:: TASK MATERIAL

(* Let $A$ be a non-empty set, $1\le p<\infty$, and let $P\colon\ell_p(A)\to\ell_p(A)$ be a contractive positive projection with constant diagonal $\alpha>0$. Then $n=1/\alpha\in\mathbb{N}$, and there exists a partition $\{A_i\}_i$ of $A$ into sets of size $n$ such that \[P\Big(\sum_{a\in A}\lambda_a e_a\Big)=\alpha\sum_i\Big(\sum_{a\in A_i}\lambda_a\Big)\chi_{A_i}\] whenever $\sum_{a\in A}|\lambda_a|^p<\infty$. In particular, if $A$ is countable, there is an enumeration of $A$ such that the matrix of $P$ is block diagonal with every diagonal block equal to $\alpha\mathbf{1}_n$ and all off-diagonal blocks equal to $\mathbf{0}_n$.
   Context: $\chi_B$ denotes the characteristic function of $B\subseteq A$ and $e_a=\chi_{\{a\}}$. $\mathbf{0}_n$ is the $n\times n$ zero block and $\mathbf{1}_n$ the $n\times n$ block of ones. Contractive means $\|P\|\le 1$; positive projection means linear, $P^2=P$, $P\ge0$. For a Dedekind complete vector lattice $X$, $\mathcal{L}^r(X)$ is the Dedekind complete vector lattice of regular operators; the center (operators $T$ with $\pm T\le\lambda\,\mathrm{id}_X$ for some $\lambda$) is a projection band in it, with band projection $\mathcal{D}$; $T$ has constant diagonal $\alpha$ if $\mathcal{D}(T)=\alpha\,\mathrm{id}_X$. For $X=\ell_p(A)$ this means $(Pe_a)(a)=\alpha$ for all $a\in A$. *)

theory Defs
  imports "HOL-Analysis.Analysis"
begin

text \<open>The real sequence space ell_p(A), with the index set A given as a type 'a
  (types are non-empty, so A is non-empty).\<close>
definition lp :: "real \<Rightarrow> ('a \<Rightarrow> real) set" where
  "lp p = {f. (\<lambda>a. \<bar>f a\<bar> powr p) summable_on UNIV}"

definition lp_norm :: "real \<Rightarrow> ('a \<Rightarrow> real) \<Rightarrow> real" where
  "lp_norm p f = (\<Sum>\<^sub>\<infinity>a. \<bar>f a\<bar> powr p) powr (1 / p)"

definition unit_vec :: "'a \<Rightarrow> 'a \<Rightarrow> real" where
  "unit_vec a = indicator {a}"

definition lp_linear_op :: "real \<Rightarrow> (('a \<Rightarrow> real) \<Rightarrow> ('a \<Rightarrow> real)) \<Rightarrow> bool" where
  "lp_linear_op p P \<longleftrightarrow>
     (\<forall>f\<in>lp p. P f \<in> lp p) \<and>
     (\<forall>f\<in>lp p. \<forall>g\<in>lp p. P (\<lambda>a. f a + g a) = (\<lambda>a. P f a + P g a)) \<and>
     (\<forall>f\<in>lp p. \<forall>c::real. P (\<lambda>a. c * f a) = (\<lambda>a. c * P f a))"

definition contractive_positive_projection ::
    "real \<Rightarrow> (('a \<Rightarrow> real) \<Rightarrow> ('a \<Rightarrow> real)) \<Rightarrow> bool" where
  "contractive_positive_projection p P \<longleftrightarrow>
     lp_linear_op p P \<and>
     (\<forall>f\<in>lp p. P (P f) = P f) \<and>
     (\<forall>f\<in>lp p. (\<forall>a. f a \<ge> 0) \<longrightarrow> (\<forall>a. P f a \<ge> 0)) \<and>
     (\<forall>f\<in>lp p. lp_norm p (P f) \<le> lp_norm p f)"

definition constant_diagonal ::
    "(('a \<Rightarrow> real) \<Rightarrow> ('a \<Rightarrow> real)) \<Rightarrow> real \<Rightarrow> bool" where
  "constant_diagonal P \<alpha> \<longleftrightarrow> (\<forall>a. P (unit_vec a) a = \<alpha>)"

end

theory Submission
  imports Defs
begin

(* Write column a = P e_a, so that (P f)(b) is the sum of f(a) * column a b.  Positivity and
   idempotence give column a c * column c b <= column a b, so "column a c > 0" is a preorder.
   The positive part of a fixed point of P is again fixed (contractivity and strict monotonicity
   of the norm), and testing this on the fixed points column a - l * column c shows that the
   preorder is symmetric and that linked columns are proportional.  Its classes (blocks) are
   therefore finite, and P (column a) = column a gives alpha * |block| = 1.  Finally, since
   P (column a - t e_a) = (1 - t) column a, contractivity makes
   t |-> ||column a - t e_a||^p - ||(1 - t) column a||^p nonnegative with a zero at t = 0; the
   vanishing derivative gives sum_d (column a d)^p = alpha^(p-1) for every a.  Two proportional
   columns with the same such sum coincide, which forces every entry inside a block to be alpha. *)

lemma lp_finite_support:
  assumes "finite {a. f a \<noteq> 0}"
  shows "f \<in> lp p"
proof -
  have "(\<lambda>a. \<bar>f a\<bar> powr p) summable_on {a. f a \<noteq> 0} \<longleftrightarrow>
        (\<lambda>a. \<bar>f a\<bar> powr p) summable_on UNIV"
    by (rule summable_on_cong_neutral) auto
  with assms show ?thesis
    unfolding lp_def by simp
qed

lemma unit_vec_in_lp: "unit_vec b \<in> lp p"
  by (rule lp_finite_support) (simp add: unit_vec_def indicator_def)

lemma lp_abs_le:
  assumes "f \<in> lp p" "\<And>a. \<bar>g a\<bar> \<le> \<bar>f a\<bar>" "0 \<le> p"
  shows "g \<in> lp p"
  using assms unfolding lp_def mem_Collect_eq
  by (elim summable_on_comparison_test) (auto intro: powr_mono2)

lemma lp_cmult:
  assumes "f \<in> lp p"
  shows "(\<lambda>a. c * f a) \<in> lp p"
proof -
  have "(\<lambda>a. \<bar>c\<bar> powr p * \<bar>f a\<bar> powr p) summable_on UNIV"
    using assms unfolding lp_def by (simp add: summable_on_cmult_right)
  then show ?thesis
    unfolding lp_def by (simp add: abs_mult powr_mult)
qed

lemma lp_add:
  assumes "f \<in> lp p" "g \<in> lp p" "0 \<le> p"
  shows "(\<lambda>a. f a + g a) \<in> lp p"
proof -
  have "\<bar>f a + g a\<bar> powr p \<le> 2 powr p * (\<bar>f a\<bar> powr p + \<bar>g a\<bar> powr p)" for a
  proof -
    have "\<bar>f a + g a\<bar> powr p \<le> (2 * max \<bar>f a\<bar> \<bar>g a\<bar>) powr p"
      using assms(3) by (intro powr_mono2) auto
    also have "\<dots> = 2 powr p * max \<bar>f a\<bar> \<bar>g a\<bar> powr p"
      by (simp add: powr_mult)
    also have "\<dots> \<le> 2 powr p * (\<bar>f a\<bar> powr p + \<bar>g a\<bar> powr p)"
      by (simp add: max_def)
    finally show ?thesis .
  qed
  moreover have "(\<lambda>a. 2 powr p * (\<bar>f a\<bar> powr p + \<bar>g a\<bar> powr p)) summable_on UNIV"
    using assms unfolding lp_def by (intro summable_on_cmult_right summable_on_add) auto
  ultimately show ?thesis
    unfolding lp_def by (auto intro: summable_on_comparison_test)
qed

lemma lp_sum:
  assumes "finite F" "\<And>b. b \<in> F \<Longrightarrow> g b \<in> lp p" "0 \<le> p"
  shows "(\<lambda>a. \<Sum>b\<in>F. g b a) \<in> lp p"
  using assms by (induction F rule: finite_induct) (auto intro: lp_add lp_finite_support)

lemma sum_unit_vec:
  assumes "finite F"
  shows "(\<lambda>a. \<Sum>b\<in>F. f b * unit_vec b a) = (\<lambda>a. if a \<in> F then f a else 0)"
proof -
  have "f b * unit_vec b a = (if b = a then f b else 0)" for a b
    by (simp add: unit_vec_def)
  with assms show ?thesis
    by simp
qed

::::

◆ EXERCISE PROMPT
Print from the line containing "F \<Longrightarrow> g" to the last line above, exactly as written.

◆ OUTPUT FOR THIS EXERCISE
  assumes "finite F" "\<And>b. b \<in> F \<Longrightarrow> g b \<in> lp p" "0 \<le> p"
  shows "(\<lambda>a. \<Sum>b\<in>F. g b a) \<in> lp p"
  using assms by (induction F rule: finite_induct) (auto intro: lp_add lp_finite_support)

lemma sum_unit_vec:
  assumes "finite F"
  shows "(\<lambda>a. \<Sum>b\<in>F. f b * unit_vec b a) = (\<lambda>a. if a \<in> F then f a else 0)"
proof -
  have "f b * unit_vec b a = (if b = a then f b else 0)" for a b
    by (simp add: unit_vec_def)
  with assms show ?thesis
    by simp
qed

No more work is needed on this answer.